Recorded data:
>>>
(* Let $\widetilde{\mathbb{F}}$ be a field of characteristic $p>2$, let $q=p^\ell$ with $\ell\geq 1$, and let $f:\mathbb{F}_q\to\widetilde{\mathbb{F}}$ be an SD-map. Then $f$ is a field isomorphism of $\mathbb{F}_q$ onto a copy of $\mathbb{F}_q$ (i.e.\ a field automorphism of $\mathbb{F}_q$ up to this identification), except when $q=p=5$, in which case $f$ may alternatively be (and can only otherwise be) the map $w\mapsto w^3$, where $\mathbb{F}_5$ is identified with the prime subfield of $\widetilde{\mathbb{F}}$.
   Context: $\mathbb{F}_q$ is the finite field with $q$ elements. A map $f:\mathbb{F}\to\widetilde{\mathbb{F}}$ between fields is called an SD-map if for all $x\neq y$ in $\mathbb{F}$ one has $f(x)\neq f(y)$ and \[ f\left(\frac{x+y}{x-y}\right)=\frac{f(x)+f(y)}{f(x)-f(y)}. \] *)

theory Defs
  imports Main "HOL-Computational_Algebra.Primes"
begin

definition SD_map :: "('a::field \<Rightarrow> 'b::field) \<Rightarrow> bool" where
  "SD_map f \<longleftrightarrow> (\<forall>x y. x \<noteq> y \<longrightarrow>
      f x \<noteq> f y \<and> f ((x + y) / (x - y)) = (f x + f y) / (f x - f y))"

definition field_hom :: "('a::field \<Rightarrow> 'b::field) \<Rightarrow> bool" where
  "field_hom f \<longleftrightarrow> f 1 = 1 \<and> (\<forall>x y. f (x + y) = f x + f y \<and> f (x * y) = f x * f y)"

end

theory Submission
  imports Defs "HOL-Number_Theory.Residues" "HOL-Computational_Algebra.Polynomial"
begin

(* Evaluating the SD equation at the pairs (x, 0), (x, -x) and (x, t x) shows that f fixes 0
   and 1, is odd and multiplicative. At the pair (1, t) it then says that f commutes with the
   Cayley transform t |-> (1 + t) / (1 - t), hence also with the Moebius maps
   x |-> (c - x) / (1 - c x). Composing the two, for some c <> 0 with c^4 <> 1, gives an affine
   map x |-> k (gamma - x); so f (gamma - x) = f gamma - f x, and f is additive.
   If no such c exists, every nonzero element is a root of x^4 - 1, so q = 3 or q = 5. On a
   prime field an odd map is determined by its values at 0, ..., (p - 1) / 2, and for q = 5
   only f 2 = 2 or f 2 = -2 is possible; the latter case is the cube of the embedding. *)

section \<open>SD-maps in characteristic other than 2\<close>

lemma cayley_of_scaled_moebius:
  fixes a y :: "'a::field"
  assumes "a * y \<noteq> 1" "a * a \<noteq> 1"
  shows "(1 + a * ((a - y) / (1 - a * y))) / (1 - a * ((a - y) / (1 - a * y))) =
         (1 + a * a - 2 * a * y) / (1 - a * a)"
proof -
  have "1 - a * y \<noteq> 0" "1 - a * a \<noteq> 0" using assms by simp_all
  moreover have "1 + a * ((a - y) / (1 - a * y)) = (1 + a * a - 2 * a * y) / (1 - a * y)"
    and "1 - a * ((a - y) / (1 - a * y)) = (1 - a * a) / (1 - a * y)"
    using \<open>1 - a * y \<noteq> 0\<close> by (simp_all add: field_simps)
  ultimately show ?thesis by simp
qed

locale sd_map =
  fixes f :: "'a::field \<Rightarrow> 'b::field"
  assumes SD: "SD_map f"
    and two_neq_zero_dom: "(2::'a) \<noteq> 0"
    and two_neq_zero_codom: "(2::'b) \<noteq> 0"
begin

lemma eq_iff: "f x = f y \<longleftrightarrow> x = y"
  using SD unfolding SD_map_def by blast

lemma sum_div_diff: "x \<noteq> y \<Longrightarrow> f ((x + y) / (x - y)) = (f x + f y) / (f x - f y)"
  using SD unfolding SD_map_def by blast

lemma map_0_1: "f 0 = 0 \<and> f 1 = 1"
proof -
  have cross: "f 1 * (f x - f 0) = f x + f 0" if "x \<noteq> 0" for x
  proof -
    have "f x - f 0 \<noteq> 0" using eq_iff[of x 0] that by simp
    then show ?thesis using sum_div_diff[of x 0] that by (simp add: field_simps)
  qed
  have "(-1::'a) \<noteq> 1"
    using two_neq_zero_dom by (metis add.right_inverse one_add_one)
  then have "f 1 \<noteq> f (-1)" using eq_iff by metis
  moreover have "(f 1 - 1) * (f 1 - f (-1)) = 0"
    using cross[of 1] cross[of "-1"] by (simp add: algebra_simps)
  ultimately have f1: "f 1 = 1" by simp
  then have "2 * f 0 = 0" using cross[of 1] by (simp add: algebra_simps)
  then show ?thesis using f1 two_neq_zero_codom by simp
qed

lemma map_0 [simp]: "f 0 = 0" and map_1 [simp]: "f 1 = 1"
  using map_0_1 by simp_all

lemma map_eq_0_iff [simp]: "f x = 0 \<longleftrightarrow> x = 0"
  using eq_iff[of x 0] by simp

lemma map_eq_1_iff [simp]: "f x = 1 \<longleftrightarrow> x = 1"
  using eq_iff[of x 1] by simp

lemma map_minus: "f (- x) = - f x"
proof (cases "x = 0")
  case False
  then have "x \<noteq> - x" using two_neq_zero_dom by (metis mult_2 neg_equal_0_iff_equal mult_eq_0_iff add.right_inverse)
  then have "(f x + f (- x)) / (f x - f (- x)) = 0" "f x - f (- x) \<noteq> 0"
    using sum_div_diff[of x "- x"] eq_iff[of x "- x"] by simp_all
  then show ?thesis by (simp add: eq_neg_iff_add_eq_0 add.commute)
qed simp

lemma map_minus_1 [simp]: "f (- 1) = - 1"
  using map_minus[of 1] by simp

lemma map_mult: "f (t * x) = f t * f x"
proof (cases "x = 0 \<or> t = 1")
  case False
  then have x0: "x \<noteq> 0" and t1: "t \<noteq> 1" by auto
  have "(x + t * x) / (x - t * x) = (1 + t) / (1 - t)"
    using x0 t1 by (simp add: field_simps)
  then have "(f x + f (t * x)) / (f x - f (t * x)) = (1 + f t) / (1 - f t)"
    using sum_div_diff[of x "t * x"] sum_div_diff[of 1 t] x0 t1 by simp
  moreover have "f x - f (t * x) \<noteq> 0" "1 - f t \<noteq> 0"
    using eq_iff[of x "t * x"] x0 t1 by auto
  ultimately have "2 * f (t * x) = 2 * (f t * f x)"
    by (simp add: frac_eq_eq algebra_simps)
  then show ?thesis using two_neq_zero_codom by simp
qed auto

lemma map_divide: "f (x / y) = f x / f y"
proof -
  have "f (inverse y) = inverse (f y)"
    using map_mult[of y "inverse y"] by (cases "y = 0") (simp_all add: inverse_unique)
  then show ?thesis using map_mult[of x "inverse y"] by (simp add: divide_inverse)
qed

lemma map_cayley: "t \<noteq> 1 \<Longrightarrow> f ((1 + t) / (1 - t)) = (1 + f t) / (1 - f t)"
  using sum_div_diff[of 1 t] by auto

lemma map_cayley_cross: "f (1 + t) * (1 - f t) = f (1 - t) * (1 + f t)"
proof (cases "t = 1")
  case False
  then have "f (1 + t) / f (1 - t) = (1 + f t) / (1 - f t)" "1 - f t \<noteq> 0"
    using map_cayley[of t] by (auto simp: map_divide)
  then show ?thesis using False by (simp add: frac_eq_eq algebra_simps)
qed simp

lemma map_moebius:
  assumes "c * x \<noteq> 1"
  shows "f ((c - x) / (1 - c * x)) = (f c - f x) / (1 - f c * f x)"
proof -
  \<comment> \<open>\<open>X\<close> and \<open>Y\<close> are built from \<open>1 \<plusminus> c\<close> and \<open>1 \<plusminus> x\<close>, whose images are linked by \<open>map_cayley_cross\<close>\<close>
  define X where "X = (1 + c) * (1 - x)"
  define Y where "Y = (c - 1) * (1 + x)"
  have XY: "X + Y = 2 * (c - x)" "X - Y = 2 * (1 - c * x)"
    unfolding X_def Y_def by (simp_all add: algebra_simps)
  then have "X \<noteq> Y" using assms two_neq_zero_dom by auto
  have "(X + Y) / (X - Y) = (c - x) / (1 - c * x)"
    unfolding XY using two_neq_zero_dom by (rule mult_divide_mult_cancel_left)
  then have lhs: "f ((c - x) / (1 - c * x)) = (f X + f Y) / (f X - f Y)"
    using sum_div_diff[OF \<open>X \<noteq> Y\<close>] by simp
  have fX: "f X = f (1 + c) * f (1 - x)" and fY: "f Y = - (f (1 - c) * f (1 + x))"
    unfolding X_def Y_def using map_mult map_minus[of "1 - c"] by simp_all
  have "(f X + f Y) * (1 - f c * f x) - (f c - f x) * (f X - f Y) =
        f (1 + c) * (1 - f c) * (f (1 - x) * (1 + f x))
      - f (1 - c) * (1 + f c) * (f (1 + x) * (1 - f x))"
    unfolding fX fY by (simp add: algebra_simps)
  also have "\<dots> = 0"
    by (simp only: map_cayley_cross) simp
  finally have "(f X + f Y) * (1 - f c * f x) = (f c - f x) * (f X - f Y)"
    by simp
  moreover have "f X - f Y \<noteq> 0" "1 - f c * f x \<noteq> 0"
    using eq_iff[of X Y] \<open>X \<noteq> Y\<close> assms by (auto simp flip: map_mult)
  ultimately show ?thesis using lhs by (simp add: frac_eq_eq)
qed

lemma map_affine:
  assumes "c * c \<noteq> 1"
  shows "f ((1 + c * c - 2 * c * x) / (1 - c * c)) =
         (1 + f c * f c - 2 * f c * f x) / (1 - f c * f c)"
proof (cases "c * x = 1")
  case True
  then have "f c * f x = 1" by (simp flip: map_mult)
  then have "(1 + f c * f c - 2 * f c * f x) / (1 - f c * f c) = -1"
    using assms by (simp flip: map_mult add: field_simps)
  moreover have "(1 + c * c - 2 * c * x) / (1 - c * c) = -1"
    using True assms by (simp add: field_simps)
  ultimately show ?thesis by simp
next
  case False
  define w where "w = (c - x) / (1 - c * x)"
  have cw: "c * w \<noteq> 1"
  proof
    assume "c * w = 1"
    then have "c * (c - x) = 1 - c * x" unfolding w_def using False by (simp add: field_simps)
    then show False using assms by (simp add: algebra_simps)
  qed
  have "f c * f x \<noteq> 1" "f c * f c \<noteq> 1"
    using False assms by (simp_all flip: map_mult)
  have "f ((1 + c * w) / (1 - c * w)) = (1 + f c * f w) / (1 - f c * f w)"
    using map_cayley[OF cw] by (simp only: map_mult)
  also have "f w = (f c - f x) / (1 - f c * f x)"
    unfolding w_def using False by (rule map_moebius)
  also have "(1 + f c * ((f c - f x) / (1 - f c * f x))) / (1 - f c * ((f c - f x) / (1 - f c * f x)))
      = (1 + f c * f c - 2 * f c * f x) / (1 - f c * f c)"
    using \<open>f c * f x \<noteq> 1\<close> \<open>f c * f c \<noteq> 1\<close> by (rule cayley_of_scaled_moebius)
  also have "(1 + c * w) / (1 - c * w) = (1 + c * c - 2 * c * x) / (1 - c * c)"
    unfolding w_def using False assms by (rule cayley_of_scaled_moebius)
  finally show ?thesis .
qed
<<<
PROBLEM REQUIREMENTS: This exercise asks for an exact repeat of the lines from the one holding "using map_cayley[OF cw]" through the end of the data above.

WRITTEN SOLUTION:
    using map_cayley[OF cw] by (simp only: map_mult)
  also have "f w = (f c - f x) / (1 - f c * f x)"
    unfolding w_def using False by (rule map_moebius)
  also have "(1 + f c * ((f c - f x) / (1 - f c * f x))) / (1 - f c * ((f c - f x) / (1 - f c * f x)))
      = (1 + f c * f c - 2 * f c * f x) / (1 - f c * f c)"
    using \<open>f c * f x \<noteq> 1\<close> \<open>f c * f c \<noteq> 1\<close> by (rule cayley_of_scaled_moebius)
  also have "(1 + c * w) / (1 - c * w) = (1 + c * c - 2 * c * x) / (1 - c * c)"
    unfolding w_def using False assms by (rule cayley_of_scaled_moebius)
  finally show ?thesis .
qed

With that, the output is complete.